WORK REQUEST - Your answer should be the lines below from the one with "text \<open>Degree of" to the one with "by (metis mod_less_divisor", both included, given again exactly and with nothing added.

DATA IN THIS EXERCISE -
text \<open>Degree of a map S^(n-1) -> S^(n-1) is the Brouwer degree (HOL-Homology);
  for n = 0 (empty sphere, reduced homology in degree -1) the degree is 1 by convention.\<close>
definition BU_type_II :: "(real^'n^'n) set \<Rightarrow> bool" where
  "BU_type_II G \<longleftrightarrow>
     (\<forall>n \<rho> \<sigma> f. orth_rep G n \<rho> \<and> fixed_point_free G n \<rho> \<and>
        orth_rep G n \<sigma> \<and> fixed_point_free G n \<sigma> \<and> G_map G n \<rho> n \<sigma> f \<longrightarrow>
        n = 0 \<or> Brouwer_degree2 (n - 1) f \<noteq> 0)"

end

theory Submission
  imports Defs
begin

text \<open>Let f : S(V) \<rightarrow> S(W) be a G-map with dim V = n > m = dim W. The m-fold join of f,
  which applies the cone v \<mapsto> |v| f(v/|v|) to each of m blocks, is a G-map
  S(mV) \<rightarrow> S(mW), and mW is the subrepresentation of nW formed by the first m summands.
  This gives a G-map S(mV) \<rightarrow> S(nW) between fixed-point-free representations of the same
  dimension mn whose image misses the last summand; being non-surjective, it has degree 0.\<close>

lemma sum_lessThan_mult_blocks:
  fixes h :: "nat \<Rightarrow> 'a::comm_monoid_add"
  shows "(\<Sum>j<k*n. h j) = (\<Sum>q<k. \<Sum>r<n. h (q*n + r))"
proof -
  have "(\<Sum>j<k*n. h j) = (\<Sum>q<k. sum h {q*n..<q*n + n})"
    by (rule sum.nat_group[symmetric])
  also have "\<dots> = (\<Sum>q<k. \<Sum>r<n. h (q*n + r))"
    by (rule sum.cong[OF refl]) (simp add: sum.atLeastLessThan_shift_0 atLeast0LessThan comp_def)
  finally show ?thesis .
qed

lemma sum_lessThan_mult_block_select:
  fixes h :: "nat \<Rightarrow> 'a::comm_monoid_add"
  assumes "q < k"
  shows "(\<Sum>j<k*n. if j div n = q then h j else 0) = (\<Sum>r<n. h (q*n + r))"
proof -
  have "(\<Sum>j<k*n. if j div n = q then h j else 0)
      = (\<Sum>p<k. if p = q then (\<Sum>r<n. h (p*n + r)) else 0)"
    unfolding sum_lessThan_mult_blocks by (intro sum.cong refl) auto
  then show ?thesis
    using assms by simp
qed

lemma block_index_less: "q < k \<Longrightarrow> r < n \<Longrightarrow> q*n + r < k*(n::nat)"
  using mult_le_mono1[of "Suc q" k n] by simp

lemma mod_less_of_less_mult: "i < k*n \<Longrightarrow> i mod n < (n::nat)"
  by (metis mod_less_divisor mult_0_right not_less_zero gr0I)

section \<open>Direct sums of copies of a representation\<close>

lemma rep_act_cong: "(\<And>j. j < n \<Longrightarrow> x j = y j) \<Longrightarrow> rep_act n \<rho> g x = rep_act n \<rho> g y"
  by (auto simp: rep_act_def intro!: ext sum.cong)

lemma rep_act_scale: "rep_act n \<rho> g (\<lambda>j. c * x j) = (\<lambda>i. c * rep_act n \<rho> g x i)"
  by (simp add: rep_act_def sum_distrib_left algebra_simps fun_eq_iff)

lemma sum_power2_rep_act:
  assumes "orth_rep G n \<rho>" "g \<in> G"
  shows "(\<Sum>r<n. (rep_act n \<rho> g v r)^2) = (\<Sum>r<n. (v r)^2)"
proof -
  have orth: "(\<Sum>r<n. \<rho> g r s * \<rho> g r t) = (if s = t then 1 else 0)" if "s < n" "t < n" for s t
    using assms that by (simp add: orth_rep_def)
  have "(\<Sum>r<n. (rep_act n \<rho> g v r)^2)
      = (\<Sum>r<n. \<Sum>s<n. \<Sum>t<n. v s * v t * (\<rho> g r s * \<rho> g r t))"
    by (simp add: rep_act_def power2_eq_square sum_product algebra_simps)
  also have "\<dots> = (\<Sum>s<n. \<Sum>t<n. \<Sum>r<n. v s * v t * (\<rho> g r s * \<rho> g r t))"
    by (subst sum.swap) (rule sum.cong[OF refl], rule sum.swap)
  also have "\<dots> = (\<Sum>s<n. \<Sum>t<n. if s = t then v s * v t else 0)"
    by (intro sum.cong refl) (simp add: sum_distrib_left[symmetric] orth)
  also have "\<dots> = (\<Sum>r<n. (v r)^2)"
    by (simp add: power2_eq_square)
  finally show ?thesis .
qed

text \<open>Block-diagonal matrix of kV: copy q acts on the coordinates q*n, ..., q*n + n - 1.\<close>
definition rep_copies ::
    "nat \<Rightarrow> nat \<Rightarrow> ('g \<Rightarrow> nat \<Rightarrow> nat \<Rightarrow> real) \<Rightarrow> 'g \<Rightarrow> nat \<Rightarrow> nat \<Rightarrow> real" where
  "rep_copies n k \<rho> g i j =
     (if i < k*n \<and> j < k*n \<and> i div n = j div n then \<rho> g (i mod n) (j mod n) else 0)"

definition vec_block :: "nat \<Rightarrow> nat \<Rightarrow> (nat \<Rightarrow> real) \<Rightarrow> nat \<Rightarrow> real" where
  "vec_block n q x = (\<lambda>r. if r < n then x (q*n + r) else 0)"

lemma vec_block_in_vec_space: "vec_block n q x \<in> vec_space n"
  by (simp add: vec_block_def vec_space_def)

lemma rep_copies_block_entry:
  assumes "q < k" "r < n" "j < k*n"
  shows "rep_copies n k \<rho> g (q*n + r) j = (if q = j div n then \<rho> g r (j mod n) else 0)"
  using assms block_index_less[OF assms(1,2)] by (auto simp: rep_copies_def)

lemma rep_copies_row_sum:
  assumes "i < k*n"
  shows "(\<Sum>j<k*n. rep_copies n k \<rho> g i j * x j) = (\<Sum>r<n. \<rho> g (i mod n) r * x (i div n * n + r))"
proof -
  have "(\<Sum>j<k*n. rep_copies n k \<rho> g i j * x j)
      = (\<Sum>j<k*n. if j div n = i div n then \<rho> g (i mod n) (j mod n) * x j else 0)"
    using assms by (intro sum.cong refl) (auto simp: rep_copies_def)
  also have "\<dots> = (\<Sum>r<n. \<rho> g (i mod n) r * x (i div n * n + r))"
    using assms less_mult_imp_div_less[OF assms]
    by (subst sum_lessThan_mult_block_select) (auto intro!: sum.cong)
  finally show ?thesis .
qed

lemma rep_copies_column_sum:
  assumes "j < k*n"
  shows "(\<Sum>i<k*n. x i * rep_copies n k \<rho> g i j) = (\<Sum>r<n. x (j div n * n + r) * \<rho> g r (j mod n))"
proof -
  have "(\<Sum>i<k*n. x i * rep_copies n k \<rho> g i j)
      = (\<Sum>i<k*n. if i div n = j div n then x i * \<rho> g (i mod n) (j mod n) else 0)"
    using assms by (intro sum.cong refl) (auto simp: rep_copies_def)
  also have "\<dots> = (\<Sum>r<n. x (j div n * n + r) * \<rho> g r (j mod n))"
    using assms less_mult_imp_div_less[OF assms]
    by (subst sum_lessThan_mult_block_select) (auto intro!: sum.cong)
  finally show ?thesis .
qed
* * *
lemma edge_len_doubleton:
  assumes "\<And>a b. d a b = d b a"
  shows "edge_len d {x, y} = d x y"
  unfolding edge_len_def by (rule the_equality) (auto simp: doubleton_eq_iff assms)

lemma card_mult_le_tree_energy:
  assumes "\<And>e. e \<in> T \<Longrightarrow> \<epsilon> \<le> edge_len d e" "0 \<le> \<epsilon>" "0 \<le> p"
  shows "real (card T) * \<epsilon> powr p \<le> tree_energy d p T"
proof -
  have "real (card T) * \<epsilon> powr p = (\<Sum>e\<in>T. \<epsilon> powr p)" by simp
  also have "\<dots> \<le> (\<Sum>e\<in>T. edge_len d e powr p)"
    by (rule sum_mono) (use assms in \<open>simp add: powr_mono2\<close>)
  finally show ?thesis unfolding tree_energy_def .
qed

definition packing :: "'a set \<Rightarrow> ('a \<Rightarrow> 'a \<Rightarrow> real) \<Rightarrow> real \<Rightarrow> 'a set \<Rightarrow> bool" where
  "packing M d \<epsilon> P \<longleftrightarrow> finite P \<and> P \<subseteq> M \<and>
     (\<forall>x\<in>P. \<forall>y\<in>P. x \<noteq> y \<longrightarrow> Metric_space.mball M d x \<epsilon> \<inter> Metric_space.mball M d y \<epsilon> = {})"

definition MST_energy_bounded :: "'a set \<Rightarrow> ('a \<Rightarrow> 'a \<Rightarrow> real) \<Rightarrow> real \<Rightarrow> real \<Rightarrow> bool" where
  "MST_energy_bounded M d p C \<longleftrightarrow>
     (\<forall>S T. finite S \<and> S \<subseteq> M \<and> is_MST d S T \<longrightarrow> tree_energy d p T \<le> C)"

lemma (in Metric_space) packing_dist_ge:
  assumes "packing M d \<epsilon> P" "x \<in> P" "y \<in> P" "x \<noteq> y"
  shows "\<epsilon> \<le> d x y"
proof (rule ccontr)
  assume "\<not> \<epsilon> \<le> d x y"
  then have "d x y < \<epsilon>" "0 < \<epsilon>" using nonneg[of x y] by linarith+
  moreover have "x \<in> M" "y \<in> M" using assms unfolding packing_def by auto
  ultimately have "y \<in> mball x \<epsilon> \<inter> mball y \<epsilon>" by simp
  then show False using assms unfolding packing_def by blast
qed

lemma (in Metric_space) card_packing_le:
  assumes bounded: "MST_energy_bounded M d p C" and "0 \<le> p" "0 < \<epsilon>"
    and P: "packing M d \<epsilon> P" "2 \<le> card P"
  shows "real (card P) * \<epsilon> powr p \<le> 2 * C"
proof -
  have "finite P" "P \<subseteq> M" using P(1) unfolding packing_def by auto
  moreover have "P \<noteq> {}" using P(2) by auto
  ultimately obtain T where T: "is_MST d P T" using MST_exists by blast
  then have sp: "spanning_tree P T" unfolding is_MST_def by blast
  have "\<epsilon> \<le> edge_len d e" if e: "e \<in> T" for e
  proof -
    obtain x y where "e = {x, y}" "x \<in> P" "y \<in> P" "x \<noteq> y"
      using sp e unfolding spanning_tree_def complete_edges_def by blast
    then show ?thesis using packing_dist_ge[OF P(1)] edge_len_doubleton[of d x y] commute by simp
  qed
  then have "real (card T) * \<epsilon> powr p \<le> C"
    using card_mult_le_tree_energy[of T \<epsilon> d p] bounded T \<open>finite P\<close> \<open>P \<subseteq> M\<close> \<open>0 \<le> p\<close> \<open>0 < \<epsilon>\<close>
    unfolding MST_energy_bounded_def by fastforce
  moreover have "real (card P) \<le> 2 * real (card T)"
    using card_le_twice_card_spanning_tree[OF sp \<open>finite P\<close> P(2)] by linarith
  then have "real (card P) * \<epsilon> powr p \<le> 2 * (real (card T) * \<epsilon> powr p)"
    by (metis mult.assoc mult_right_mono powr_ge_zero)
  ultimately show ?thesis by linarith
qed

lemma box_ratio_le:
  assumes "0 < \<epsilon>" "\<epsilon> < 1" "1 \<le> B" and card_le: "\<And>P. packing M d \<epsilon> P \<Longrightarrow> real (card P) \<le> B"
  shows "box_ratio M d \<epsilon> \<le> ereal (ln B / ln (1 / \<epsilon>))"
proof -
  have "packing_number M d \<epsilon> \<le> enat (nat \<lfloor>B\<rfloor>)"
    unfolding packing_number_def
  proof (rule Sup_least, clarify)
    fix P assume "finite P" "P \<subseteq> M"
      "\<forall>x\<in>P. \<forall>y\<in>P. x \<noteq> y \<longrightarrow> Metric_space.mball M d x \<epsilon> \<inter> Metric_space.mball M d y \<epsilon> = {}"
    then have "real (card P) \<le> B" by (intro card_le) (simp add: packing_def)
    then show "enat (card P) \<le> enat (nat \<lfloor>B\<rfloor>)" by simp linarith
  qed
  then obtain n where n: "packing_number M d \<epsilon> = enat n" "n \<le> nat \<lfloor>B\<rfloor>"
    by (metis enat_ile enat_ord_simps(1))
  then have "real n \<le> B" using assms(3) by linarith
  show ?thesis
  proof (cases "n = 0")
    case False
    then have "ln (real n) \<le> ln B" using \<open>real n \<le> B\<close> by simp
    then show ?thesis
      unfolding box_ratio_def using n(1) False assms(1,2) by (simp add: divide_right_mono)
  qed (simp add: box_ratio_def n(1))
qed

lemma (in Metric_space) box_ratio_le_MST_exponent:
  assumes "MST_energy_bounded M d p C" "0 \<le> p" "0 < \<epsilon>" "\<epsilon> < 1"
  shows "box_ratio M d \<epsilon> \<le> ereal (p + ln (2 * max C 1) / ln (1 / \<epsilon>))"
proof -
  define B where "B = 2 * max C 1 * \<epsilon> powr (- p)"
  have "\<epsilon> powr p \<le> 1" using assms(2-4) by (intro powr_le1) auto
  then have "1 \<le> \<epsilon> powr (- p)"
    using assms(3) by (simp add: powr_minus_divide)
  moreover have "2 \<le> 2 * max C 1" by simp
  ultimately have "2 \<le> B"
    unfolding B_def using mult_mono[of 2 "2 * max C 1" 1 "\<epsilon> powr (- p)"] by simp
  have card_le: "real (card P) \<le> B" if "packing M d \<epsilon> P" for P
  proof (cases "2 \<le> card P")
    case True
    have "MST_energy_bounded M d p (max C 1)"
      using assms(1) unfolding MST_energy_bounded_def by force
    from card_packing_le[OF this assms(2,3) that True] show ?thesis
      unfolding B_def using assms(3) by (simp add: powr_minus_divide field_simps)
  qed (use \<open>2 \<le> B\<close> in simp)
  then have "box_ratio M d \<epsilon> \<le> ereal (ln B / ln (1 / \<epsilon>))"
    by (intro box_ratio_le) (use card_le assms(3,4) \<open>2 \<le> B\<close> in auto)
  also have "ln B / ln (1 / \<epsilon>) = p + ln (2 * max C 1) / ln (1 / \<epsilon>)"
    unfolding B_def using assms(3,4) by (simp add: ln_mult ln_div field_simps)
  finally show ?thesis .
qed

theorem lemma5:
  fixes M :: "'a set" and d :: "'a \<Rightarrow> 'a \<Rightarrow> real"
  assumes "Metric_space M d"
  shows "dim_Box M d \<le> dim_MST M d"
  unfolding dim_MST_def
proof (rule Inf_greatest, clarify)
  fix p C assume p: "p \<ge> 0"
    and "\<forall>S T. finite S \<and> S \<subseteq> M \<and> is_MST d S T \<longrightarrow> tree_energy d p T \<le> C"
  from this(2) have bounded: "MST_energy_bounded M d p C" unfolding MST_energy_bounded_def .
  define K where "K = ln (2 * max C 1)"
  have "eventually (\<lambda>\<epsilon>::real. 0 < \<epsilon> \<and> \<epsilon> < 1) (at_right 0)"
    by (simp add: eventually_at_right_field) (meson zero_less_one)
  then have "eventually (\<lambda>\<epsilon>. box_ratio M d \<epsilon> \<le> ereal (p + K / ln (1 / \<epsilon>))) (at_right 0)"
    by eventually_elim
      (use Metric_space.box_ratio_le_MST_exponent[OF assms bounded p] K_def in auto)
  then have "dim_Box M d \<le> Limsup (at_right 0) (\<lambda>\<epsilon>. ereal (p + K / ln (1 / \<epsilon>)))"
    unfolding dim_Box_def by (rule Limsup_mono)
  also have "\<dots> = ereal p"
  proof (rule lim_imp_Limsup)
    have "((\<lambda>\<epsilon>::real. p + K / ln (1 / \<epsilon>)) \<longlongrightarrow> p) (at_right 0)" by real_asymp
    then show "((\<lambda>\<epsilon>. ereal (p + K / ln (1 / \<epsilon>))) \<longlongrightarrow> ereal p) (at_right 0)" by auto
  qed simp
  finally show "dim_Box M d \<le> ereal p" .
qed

OUTPUT OF THE EXERCISE -
text \<open>Degree of a map S^(n-1) -> S^(n-1) is the Brouwer degree (HOL-Homology);
  for n = 0 (empty sphere, reduced homology in degree -1) the degree is 1 by convention.\<close>
definition BU_type_II :: "(real^'n^'n) set \<Rightarrow> bool" where
  "BU_type_II G \<longleftrightarrow>
     (\<forall>n \<rho> \<sigma> f. orth_rep G n \<rho> \<and> fixed_point_free G n \<rho> \<and>
        orth_rep G n \<sigma> \<and> fixed_point_free G n \<sigma> \<and> G_map G n \<rho> n \<sigma> f \<longrightarrow>
        n = 0 \<or> Brouwer_degree2 (n - 1) f \<noteq> 0)"

end

theory Submission
  imports Defs
begin

text \<open>Let f : S(V) \<rightarrow> S(W) be a G-map with dim V = n > m = dim W. The m-fold join of f,
  which applies the cone v \<mapsto> |v| f(v/|v|) to each of m blocks, is a G-map
  S(mV) \<rightarrow> S(mW), and mW is the subrepresentation of nW formed by the first m summands.
  This gives a G-map S(mV) \<rightarrow> S(nW) between fixed-point-free representations of the same
  dimension mn whose image misses the last summand; being non-surjective, it has degree 0.\<close>

lemma sum_lessThan_mult_blocks:
  fixes h :: "nat \<Rightarrow> 'a::comm_monoid_add"
  shows "(\<Sum>j<k*n. h j) = (\<Sum>q<k. \<Sum>r<n. h (q*n + r))"
proof -
  have "(\<Sum>j<k*n. h j) = (\<Sum>q<k. sum h {q*n..<q*n + n})"
    by (rule sum.nat_group[symmetric])
  also have "\<dots> = (\<Sum>q<k. \<Sum>r<n. h (q*n + r))"
    by (rule sum.cong[OF refl]) (simp add: sum.atLeastLessThan_shift_0 atLeast0LessThan comp_def)
  finally show ?thesis .
qed

lemma sum_lessThan_mult_block_select:
  fixes h :: "nat \<Rightarrow> 'a::comm_monoid_add"
  assumes "q < k"
  shows "(\<Sum>j<k*n. if j div n = q then h j else 0) = (\<Sum>r<n. h (q*n + r))"
proof -
  have "(\<Sum>j<k*n. if j div n = q then h j else 0)
      = (\<Sum>p<k. if p = q then (\<Sum>r<n. h (p*n + r)) else 0)"
    unfolding sum_lessThan_mult_blocks by (intro sum.cong refl) auto
  then show ?thesis
    using assms by simp
qed

lemma block_index_less: "q < k \<Longrightarrow> r < n \<Longrightarrow> q*n + r < k*(n::nat)"
  using mult_le_mono1[of "Suc q" k n] by simp

lemma mod_less_of_less_mult: "i < k*n \<Longrightarrow> i mod n < (n::nat)"
  by (metis mod_less_divisor mult_0_right not_less_zero gr0I)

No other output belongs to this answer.